Slechts 32% van de ondervraagden
denkt dat het "uiteindelijk wel goed komt" met de EU. De rest van de kiezers is ervan overtuigd dat de Unie voorbestemd is om te mislukken. 4% heeft geen mening, de rest gelooft dat de EU over een paar jaar niet langer zal bestaan; niet in de huidige opzet.
Van de andere mogelijkheden is "de hele eurozone valt uit elkaar, maar Nederland zal met andere landen wel doorgaan met een munt" met 29% het populairst. Ook zijn er veel mensen die denken dat "één of meer landen uit de unie gezet zullen worden" (namelijk: 24%).
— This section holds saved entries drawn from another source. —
(* Let $D$ be a nonempty convex subset of a topological vector space $X$ and let $K$ be a nonempty set. Let $R_1\subseteq D\times K$ and $R_2\subseteq D\times D$ be relations satisfying: (i) for each $y\in K$, the set $\{x\in D: (x,y)\in R_1\}$ is compactly closed; (ii) $R_2$ is KKM on $D\times D$; (iii) for each $y\in K$ there exists $z\in D$ such that for all $x\in D$, $(z,x)\in R_2$ implies $(x,y)\in R_1$; (iv) there exist a nonempty compact subset $M$ of $D$ and a finite subset $L$ of $K$ such that for each $x\in D\setminus M$ there exists $y\in L$ with $(x,y)\notin R_1$. Then there exists $\bar x\in M$ such that $(\bar x,y)\in R_1$ for all $y\in K$.
   Context: A subset $A$ of a topological space $X$ is compactly closed if for every compact subset $M$ of $X$ the set $A\cap M$ is closed in $M$. A relation $R'\subseteq D\times D$ is KKM on $D\times D$ if for every finite subset $\{x_1,\dots,x_n\}\subset D$ and every $x\in\operatorname{co}\{x_1,\dots,x_n\}$ there exists $j\in\{1,\dots,n\}$ with $(x_j,x)\in R'$. Here $\operatorname{co}$ denotes the convex hull. *)

theory Defs
  imports "HOL-Analysis.Analysis"
begin

definition tvs :: "'a::{real_vector,topological_space} itself \<Rightarrow> bool" where
  "tvs _ \<longleftrightarrow>
     continuous_on UNIV (\<lambda>p::'a \<times> 'a. fst p + snd p) \<and>
     continuous_on UNIV (\<lambda>p::real \<times> 'a. fst p *\<^sub>R snd p)"

definition compactly_closed :: "'a::topological_space set \<Rightarrow> bool" where
  "compactly_closed A \<longleftrightarrow>
     (\<forall>M. compact M \<longrightarrow> closedin (top_of_set M) (A \<inter> M))"

definition KKM_rel :: "'a::real_vector set \<Rightarrow> ('a \<times> 'a) set \<Rightarrow> bool" where
  "KKM_rel D R \<longleftrightarrow>
     (\<forall>N. finite N \<and> N \<subseteq> D \<longrightarrow>
        (\<forall>x \<in> convex hull N. \<exists>z \<in> N. (z, x) \<in> R))"

end

theory Submission
  imports Defs
begin

text \<open>The sections \<open>{x \<in> D. (x, y) \<in> R1}\<close> are compactly closed, so by compactness of \<open>M\<close> it
suffices that \<open>M\<close> meets every finite intersection of them; enlarging the finite index set by
\<open>L\<close>, condition (iv) puts every point of such an intersection into \<open>M\<close>. A finite intersection
is nonempty by the KKM theorem in a topological vector space: for points \<open>z\<^sub>y\<close> as in (iii),
condition (ii) says that every convex hull of \<open>z\<^sub>y\<close>'s is covered by the corresponding sections.
Pulling the sections back along the affine map of a simplex onto the hull of the \<open>z\<^sub>y\<close> reduces
this to the KKM lemma on a simplex, a consequence of Brouwer's fixed point theorem. As the
number of points is unbounded, the simplices live in \<open>nat \<Rightarrow> real\<close>, where Brouwer's theorem for
cubes is derived from Kuhn's combinatorial lemma via the Poincare-Miranda theorem.\<close>

definition cube :: "nat \<Rightarrow> (nat \<Rightarrow> real) set" where
  "cube n = {x. (\<forall>i<n. 0 \<le> x i \<and> x i \<le> 1) \<and> (\<forall>i\<ge>n. x i = 0)}"

lemma compact_cube: "compact (cube n)"
proof -
  have "cube n = PiE UNIV (\<lambda>i. if i < n then {0..1} else {0})"
    unfolding cube_def by (auto simp: PiE_iff) (metis atLeastAtMost_iff singletonD leD)+
  moreover have "compactin (product_topology (\<lambda>i. euclidean) UNIV)
      (PiE UNIV (\<lambda>i. if i < n then {0..1::real} else {0}))"
    by (subst compactin_PiE) auto
  ultimately show ?thesis
    by (simp add: euclidean_product_topology)
qed

lemma closed_cube: "closed (cube n)"
  by (simp add: compact_cube compact_imp_closed)

lemma continuous_on_coordinate [continuous_intros]: "continuous_on S (\<lambda>x::nat \<Rightarrow> real. x i)"
  by (rule continuous_on_subset[OF continuous_on_product_coordinates]) simp

lemma tendsto_coordinatewise_iff:
  fixes f :: "'x \<Rightarrow> nat \<Rightarrow> real"
  shows "(f \<longlongrightarrow> l) F \<longleftrightarrow> (\<forall>i. ((\<lambda>c. f c i) \<longlongrightarrow> l i) F)"
  using limitin_componentwise[of "\<lambda>i. euclidean" UNIV f l F]
  by (simp add: euclidean_product_topology)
Tenslotte denkt een kleine minderheid (van 11%) dat ieder land uiteindelijk zal terugkeren naar de eigen munt.
Het zou voor Nederland zeer logisch zijn om een munt te hebben met de sterke(re) Benelux landen plus Duitsland. We doen veel zaken met die landen, er bestaat voorlopig geen gevaar dat de economieën van deze landen binnenkort in elkaar zullen storten (tenminste, niet op de manier waarop dat geldt voor Griekenland, Italië, Spanje, etc.), dus ach: waarom niet? Op die manier houden we het allemaal overzichtelijker en beperken we het risico op toekomstige problemen. Natuurlijk kunnen we terugvallen op de gulden - en dat is wat mij betreft zeker óók een optie - maar ja: een grotere markt heeft zo zijn voordelen. Die kunnen en moeten we niet zomaar willen negeren.
Verder is het opmerkelijk dat een meerderheid van 56% nu zegt dat we nooit mee hadden moeten doen met de euro. Volgens de Nederlandse kiezer hebben we er dus te weinig voordeel, en te veel nadelen, van gehad.
Opvallend genoeg is de CDA-kiezer relatief best pro-EU en pro-euro. 56% van de CDA'ers vindt dat het goed is dat we de eurozone hebben gevormd (vergelijk dat met 38% van de VVD'ers en 8% van de PVV'ers). Dit houdt dus in dat CDA-leiders zich de komende weken niet ál te sterk tegen de EU kunnen keren. Ze moeten rustig blijven en kiezers op rationele wijze uitleggen waarom de euro heeft afgedaan, waarom Italië niet geholpen kan worden en waarom we moeten uitkijken naar alternatieven voor de huidige constructie.
Al met al is het duidelijk dat wij - de Nederlandse kiezers - weinig fiducie hebben in de mogelijkheden van de EU om deze crisis te boven te komen (zonder de unie grondig te hervormen, tenminste). Wat dat betreft heeft het er alle schijn van dat de gemiddelde kiezer een grotere realist is dan de zelfverklaarde politieke elite, die over het algemeen de voorkeur geven aan de bekende struisvogelstrategie: see no evil, hear no evil, gewoon je kop in het zand steken.